**EXERCISE REQUIREMENTS**
Look below for the line holding "G \<longleftrightarrow> (\<forall>u" and the line holding "card (verts G)". Transcribe exactly those lines and all lines between them, nothing more.

[Start of section]

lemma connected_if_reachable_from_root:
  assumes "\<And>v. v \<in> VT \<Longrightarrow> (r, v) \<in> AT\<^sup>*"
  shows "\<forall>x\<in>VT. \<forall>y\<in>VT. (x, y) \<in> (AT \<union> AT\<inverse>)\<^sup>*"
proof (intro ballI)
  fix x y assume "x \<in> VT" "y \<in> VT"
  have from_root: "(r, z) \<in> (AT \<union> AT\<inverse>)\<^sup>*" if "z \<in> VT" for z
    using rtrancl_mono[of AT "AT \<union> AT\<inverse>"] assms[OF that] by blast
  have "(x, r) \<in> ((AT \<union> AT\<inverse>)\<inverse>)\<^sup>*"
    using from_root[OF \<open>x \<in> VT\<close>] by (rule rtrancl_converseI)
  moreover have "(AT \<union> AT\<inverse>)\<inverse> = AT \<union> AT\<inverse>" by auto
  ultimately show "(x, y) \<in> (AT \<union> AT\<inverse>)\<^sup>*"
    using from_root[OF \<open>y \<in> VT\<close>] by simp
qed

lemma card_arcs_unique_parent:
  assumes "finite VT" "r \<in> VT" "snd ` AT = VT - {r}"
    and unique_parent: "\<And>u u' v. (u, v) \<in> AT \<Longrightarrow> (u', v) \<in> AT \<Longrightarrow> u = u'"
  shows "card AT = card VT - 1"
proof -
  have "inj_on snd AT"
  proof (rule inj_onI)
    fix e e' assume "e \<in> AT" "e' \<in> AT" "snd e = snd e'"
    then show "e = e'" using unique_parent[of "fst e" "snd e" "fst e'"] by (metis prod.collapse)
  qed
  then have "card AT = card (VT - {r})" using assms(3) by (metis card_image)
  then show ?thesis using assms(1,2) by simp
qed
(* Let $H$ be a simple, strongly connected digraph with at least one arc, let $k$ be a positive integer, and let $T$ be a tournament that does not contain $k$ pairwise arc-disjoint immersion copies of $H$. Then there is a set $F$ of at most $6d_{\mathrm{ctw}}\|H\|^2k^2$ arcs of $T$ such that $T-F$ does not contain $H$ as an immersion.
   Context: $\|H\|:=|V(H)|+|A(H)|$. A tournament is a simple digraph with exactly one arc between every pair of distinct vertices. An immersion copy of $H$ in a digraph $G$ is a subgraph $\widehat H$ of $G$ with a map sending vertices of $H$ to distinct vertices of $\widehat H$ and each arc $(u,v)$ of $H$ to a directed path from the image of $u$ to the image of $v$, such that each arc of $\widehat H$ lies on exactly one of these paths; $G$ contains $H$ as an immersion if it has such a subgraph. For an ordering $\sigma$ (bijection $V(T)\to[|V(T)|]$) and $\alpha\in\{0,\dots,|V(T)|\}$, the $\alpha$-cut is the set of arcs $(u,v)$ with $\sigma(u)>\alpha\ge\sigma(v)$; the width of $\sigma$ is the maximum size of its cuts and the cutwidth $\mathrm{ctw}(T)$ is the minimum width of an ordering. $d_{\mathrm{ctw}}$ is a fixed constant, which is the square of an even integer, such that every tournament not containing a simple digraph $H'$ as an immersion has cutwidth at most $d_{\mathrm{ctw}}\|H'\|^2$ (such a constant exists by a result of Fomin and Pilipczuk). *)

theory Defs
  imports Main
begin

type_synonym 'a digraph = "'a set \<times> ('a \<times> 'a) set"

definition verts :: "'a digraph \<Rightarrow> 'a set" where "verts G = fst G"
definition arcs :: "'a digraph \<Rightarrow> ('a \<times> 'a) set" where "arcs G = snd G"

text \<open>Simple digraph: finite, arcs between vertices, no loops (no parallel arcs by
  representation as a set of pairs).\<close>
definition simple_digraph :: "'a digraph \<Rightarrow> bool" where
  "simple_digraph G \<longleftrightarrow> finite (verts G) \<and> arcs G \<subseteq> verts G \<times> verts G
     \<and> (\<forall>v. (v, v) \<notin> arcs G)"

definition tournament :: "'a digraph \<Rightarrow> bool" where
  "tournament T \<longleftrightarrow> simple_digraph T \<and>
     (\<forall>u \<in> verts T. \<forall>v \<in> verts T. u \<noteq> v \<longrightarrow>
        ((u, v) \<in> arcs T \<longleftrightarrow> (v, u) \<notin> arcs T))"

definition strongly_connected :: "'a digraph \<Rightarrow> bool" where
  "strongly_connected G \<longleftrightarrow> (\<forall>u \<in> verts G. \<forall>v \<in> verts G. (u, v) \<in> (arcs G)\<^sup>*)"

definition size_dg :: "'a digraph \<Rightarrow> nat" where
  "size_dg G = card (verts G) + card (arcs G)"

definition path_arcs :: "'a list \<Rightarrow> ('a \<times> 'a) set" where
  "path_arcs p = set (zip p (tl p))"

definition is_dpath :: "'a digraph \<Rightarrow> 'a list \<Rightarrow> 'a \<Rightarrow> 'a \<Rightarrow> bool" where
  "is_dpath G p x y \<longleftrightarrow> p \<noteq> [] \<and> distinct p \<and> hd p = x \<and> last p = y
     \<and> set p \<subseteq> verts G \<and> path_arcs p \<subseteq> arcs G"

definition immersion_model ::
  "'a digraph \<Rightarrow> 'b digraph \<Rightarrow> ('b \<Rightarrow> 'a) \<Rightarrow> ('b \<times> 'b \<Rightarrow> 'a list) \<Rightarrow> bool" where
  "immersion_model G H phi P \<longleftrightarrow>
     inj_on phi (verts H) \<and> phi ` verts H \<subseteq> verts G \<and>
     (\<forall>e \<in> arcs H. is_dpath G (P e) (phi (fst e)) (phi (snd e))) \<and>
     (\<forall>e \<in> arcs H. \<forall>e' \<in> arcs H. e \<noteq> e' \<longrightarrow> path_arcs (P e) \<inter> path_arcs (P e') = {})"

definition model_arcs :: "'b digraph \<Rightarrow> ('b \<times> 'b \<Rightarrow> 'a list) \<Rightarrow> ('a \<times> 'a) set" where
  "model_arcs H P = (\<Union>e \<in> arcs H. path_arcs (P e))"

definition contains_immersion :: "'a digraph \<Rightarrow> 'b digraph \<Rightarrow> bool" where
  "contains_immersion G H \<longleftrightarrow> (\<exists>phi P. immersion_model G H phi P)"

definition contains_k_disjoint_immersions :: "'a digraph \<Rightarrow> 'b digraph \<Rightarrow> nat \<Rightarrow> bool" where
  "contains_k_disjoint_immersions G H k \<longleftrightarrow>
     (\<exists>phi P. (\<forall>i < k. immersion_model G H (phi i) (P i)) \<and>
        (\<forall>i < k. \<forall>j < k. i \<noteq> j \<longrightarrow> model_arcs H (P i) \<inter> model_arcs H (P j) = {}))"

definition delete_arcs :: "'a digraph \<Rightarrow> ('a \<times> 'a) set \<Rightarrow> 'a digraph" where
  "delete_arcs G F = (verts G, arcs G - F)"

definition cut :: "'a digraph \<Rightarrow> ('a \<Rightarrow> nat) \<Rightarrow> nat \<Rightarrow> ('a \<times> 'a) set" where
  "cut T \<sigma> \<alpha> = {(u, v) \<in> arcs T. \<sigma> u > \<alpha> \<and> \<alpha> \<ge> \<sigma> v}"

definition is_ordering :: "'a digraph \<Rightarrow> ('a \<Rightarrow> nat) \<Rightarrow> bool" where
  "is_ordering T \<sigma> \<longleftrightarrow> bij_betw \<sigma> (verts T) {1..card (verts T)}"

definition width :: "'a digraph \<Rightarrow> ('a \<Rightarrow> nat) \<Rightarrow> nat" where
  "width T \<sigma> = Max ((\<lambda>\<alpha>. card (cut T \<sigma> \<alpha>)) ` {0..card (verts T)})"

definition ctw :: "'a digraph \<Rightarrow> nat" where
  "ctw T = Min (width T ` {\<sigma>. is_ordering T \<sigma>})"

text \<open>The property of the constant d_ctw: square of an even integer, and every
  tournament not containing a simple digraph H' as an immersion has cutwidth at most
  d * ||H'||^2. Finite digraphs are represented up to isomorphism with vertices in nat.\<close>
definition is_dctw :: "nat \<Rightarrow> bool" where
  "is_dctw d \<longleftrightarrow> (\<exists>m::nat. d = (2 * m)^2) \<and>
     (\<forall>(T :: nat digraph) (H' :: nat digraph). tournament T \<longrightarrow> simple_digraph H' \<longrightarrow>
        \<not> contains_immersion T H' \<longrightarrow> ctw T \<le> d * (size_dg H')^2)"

[End of section]

**ANSWER BOX**
  "strongly_connected G \<longleftrightarrow> (\<forall>u \<in> verts G. \<forall>v \<in> verts G. (u, v) \<in> (arcs G)\<^sup>*)"

definition size_dg :: "'a digraph \<Rightarrow> nat" where
  "size_dg G = card (verts G) + card (arcs G)"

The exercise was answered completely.